Melissa Jean Luna-White, 29, was shot about 3 p.m. in the doorway of her residence at 528 Longview Drive and died in flight while being airlifted to the University of Kentucky Medical Center in Lexington, Danville Police Chief Tony Gray said.
After searching for two suspects for more than seven hours, Danville officers took Lamar M. Stallworth and David J. Harlan into custody without incident about 10:30 p.m. at a residence on McIntyre Circle, Gray said.
Stallworth, 27, was charged with murder, first-degree burglary and wanton endangerment, and Harlan, 23, was charged with complicity in those alleged crimes. Both men are being held without bond in the Boyle County Detention Center.
Luna-White was indicted for tampering with evidence in the death of Michael Begley Jr. 27, of Richmond, whose body was found alongside Taylor Road, strangled to death, in November.
Her husband, Jordan Montez White, 25, of 418 Adams St., Danville, is charged with reckless homicide in Begley’s death, and her sister, Gina Priest, is also charged with tampering with evidence in the case. White and Priest are awaiting trial in Boyle Circuit Court. White has been in the Boyle County Detention Center under a $10,000 bond since he was charged.
“We are not ready to make any connections to that case or with any other motive at this point,” Gray said Wednesday night. “We are still very early in the investigation.”
Gray said it was not immediately clear how many shots were fired or how many times Luna-White was struck. Witnesses reported hearing from two to five gunshots, but only one shell casing, from a semi-automatic pistol, had been recovered as of Wednesday night, Gray said.
Three witnesses who asked not to be identified for fear of reprisal said they saw the shooting unfold from their home.
According to the witnesses, two men got out of a small silver car with large, shiny hubcaps, approached the apartment and engaged in a conversation with a man inside. The two men then got back in their car and left, but returned within five minutes.
The two men approached the apartment a second time and got in to a physical altercation with the man on the front steps, the witnesses said. Luna-White appeared at the door and appeared to be trying to drag the man inside when one of the intruders pulled a pistol, turned it sideways, gangster style, and shot into the doorway, firing off four or five rounds, the witnesses said.
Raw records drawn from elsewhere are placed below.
(* Let $E$ be a $KB$-space, let $\mathfrak{B}$ be a Boolean subalgebra of $\mathfrak{B}(E)$, let $\xi$ be a forward filtration in $\mathfrak{B}$ and let $T\colon E\to E$ be a $\mathfrak{B}$-Volterra operator. Let $B'$ be the band generated by $\{(\mathbf{s}^k(x))_{k=0}^\infty: x\in\mathcal{M}_b(\xi)\}$ in the Banach lattice $\big(\bigoplus_{k=0}^\infty\mathcal{M}_b(L^k(\xi))\big)_{\ell_\infty}$. For each $l\ge1$, the operator $(\hat{T}_\xi^l)^{!}((y_k)_{k=0}^\infty)=(\mathbf{s}^k\hat{T}_\xi^l y_0)_{k=0}^\infty$ extends to a norm continuous operator $(\hat{T}_\xi^l)^{!}\colon B'\to\big(\bigoplus_{k=0}^\infty\mathcal{M}_b(L^k(\xi))\big)_{\ell_\infty}$ such that $(\hat{T}_\xi^l)^{!}=((\hat{T}_\xi^1)^{!})^l$; i.e. the correspondence $!$ is a discrete semigroup morphism between the semigroups generated by $\hat{T}_\xi$ and $(\hat{T}_\xi^1)^{!}$.
   Context: A $KB$-space is a Banach lattice in which every increasing norm bounded sequence is norm convergent. $\mathfrak{B}(E)$ is the Boolean algebra of all order projections on $E$ (zero $\mathbf 0$, unit $\mathbf 1=I_E$, $\pi\le\rho$ iff $\pi\rho=\pi$). A positive operator $T$ is $\mathfrak{B}$-Volterra if for all $\pi\in\mathfrak{B}$, $x,y\in E$, $\pi x=\pi y$ implies $\pi Tx=\pi Ty$. A forward filtration in $\mathfrak{B}$ is a map $\xi\colon\{0,1,\dots,\infty\}\to\mathfrak{B}$ with $\xi_n\le\xi_{n+1}$, $\xi_0=\mathbf 0$, $\xi_\infty=\mathbf 1$; $L(\xi)_0=\xi_0$, $L(\xi)_n=\xi_{n+1}$ ($n\ge1$), $L^0(\xi)=\xi$. $\mathcal{M}_b(\xi)$ is the Banach lattice of sequences $(x_n)_{n\ge1}$ in $E$ with $\xi_nx_m=x_n$ for $m\ge n\ge1$ and $\sup_n\|x_n\|<\infty$ (coordinatewise order, sup norm). $\hat{T}_\xi((x_n))=(\xi_nTx_n)$; $\mathbf{s}((x_n)_{n\ge1})=(x_{n+1})_{n\ge1}$ maps $\mathcal{M}_b(L^k(\xi))$ to $\mathcal{M}_b(L^{k+1}(\xi))$, $\mathbf{s}^k$ is the $k$-fold composite and $\mathbf{s}^0$ the identity. $(\bigoplus_k X_k)_{\ell_\infty}$ is the space of norm bounded sequences with pointwise order and sup norm. *)

theory Defs
  imports "HOL-Analysis.Analysis"
begin

definition babs :: "'a::{lattice,uminus} \<Rightarrow> 'a" where
  "babs x = sup x (- x)"

class banach_lattice = banach + ordered_real_vector + lattice +
  assumes norm_lattice_mono: "sup x (- x) \<le> sup y (- y) \<Longrightarrow> norm x \<le> norm y"

definition KB_space :: "'a::banach_lattice itself \<Rightarrow> bool" where
  "KB_space _ \<longleftrightarrow> (\<forall>f::nat \<Rightarrow> 'a. incseq f \<and> bounded (range f) \<longrightarrow> convergent f)"

definition is_lub_in :: "'b::order set \<Rightarrow> 'b set \<Rightarrow> 'b \<Rightarrow> bool" where
  "is_lub_in W D s \<longleftrightarrow> s \<in> W \<and> (\<forall>d\<in>D. d \<le> s) \<and> (\<forall>u\<in>W. (\<forall>d\<in>D. d \<le> u) \<longrightarrow> s \<le> u)"

definition is_band :: "'a::banach_lattice set \<Rightarrow> bool" where
  "is_band B \<longleftrightarrow> 0 \<in> B \<and> (\<forall>x\<in>B. \<forall>y\<in>B. x + y \<in> B) \<and> (\<forall>c. \<forall>x\<in>B. c *\<^sub>R x \<in> B)
     \<and> (\<forall>x\<in>B. \<forall>y. babs y \<le> babs x \<longrightarrow> y \<in> B)
     \<and> (\<forall>D s. D \<subseteq> B \<and> is_lub_in UNIV D s \<longrightarrow> s \<in> B)"

definition disj_compl :: "'a::banach_lattice set \<Rightarrow> 'a set" where
  "disj_compl B = {x. \<forall>b\<in>B. inf (babs x) (babs b) = 0}"

definition is_projection_band :: "'a::banach_lattice set \<Rightarrow> bool" where
  "is_projection_band B \<longleftrightarrow> is_band B \<and> (\<forall>x. \<exists>b\<in>B. \<exists>c\<in>disj_compl B. x = b + c)"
“It was kind of freaky seeing it happen right outside your window in the middle of the day,” one of the witnesses said.
Gray declined to comment on the witnesses’s account of the shooting other than to acknowledge there had been a fight at the front door that resulted in gunshots.
Gray said the man inside the apartment with Luna-White, who said he was her boyfriend, was not struck by any bullets and it was not immediately clear if he was the intended target of the gunfire. The man has not been charged and Gray declined to release his name.